For the eigenvalues that are real, the vectors get stretched repeatedly (and flipped alternatively, if eigenvalues are negative) along that direction as the effect is the same as multiplication by a real number.
For the eigenvalues that are complex, the vectors oscilate as the effect is the same as multiplication by a complex number.

Tip

\(\exp(\mathbf{A})=\mathbf{X}\exp(\boldsymbol{\Lambda})\mathbf{X}^{-1}\)

Trace and Determinant¶

Note

Trace: \(\sum_{i=1}^n\lambda_i\)
Determinant: \(\prod_{i=1}^n\lambda_i\)

Similar Matrices¶

Note

The matrix \(\mathbf{A}\) and any other matrix in the form \(\mathbf{M}=\mathbf{B}\mathbf{A}\mathbf{B}^{-1}\) have the same eigenvalues.
The eigenvectors corresponding to each such \(\lambda\) is obtained by \(\mathbf{B}\mathbf{x}\) whenever \(\mathbf{A}\mathbf{x}=\lambda\mathbf{x}\)

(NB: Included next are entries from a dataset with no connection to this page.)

lemma tri_lattice_free_iff_lattice_equiv:
  assumes "i > 1"
  shows "tri i k \<inter> {p. lattice_point p} = {(0,0)} \<longleftrightarrow>
    lattice_equiv (tri i k) (tri i (-1)) \<or> lattice_equiv (tri i k) (tri i 0) \<or>
    (even i \<and> lattice_equiv (tri i k) (tri i (i div 2 - 1)))"
    (is "?free k \<longleftrightarrow> ?equiv")
proof -
  have residues: "(-1) mod i = i - 1" "0 mod i = 0" "even i \<Longrightarrow> (i div 2 - 1) mod i = i div 2 - 1"
    using assms by (simp_all add: zmod_minus1 mod_pos_pos_trivial)
  note free_iff = tri_lattice_free_iff_mod[OF assms]
  note transfer = lattice_free_if_lattice_equiv[OF _ _ zero_mem_tri]
  show ?thesis
  proof
    assume "?free k"
    then consider "k mod i = (-1) mod i" | "k mod i = 0 mod i"
      | "even i" "k mod i = (i div 2 - 1) mod i"
      unfolding free_iff using residues by auto
    then show ?equiv by cases (simp_all add: lattice_equiv_tri_if_mod_eq)
  next
    assume ?equiv
    then show "?free k"
    proof (elim disjE conjE)
      show "?free k" if "lattice_equiv (tri i k) (tri i (-1))"
        using that by (rule transfer) (simp add: free_iff residues)
      show "?free k" if "lattice_equiv (tri i k) (tri i 0)"
        using that by (rule transfer) (simp add: free_iff residues)
      show "?free k" if "even i" "lattice_equiv (tri i k) (tri i (i div 2 - 1))"
        using that(2) by (rule transfer) (simp add: free_iff residues that(1))
    qed
  qed
qed

theorem mainTheorem13:
  fixes k i :: int
  assumes "i > 1"
  shows "(convex hull {(0, 0), (of_int k + 1/2, of_int i), (of_int k + 4/5, of_int i)}
            \<inter> {p. lattice_point p} = {(0::real, 0::real)})
     \<longleftrightarrow>
     (lattice_equiv (convex hull {(0, 0), (of_int k + 1/2, of_int i), (of_int k + 4/5, of_int i)})
                    (convex hull {(0, 0), (-1/2, of_int i), (-1/5, of_int i)})
      \<or> lattice_equiv (convex hull {(0, 0), (of_int k + 1/2, of_int i), (of_int k + 4/5, of_int i)})
                    (convex hull {(0, 0), (1/2, of_int i), (4/5, of_int i)})
      \<or> (even i \<and>
         lattice_equiv (convex hull {(0, 0), (of_int k + 1/2, of_int i), (of_int k + 4/5, of_int i)})
                    (convex hull {(0, 0), (of_int i / 2 - 1/2, of_int i), (of_int i / 2 - 1/5, of_int i)})))"
proof -
  have "convex hull {(0, 0), (of_int i / 2 - 1/2, of_int i), (of_int i / 2 - 1/5, of_int i)}
      = tri i (i div 2 - 1)" if "even i"
    using that unfolding tri_def by (auto simp: algebra_simps real_of_int_div)
  moreover have "convex hull {(0, 0), (-1/2, of_int i), (-1/5, of_int i)} = tri i (-1)"
    "convex hull {(0, 0), (1/2, of_int i), (4/5, of_int i)} = tri i 0"
    unfolding tri_def by (simp_all add: algebra_simps)
  ultimately show ?thesis
    unfolding tri_def[symmetric] using tri_lattice_free_iff_lattice_equiv[OF assms] by auto
qed

end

\[(\mathbf{B}\mathbf{A}\mathbf{B}^{-1})(\mathbf{B}\mathbf{x})=\mathbf{B}\mathbf{A}(\mathbf{B}^{-1}\mathbf{B})\mathbf{x}=\mathbf{B}\mathbf{A}\mathbf{x}=\lambda\mathbf{B}\mathbf{x}\]
So \(\mathbf{A}\) and \(\mathbf{M}\) are called similar matrices.
- They stretch/flip the vectors in the same fashion, but in a different orientation.

Properties¶

Warning

It is not necessary that the eigenvectors are orthogonal.
- Eigenvectors are orthogonal \(\iff\mathbf{A}\mathbf{A}^\top=\mathbf{A}^\top\mathbf{A}\)
It is not necessary that the eigenvalues are all distinct.
- All eigenvalues are distinct \(\iff\) the matrix is full rank.
Double eigenvalues \(\lambda_i=\lambda_j\) might or might not have independent eigenvectors.
In general
- \(\lambda(\mathbf{A}+\mathbf{B})\neq\lambda(\mathbf{A})+\lambda(\mathbf{B})\)
- \(\lambda(\mathbf{A}\mathbf{B})\neq\lambda(\mathbf{A})\cdot\lambda(\mathbf{B})\)

Tip

For \(\mathbf{B}=\mathbf{A}-a\cdot\mathbf{I}\), \(\lambda(\mathbf{B})=\lambda(\mathbf{A})-a\)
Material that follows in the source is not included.